● REQUIRED ACTION: Only what runs from the line with "using Z' by" to the final line of the records below should be given again, word for word.

● EXERCISE DATA:
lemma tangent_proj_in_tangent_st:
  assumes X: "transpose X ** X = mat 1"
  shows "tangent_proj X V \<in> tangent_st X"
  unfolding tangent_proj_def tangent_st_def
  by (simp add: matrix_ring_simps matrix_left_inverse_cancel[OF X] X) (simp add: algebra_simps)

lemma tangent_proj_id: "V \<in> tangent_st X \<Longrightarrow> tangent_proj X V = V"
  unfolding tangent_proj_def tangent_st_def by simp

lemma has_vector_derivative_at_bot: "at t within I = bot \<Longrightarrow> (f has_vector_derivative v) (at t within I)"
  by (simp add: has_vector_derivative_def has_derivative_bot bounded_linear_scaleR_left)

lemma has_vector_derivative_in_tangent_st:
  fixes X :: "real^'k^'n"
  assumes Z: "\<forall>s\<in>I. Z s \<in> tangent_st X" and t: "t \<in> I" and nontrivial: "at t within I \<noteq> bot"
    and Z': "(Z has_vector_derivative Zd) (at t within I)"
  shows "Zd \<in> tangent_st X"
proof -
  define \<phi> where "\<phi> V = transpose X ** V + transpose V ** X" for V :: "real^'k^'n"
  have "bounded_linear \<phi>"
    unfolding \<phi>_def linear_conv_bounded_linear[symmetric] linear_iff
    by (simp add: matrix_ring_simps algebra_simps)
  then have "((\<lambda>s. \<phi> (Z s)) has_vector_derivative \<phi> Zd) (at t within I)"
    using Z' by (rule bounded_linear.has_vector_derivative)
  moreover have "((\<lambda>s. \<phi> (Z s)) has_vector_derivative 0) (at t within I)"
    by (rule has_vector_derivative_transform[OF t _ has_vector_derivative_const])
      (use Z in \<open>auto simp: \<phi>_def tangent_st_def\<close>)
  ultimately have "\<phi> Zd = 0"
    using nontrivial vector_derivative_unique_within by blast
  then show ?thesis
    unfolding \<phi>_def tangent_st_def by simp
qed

● ANSWER FOR THIS EXERCISE:
    using Z' by (rule bounded_linear.has_vector_derivative)
  moreover have "((\<lambda>s. \<phi> (Z s)) has_vector_derivative 0) (at t within I)"
    by (rule has_vector_derivative_transform[OF t _ has_vector_derivative_const])
      (use Z in \<open>auto simp: \<phi>_def tangent_st_def\<close>)
  ultimately have "\<phi> Zd = 0"
    using nontrivial vector_derivative_unique_within by blast
  then show ?thesis
    unfolding \<phi>_def tangent_st_def by simp
qed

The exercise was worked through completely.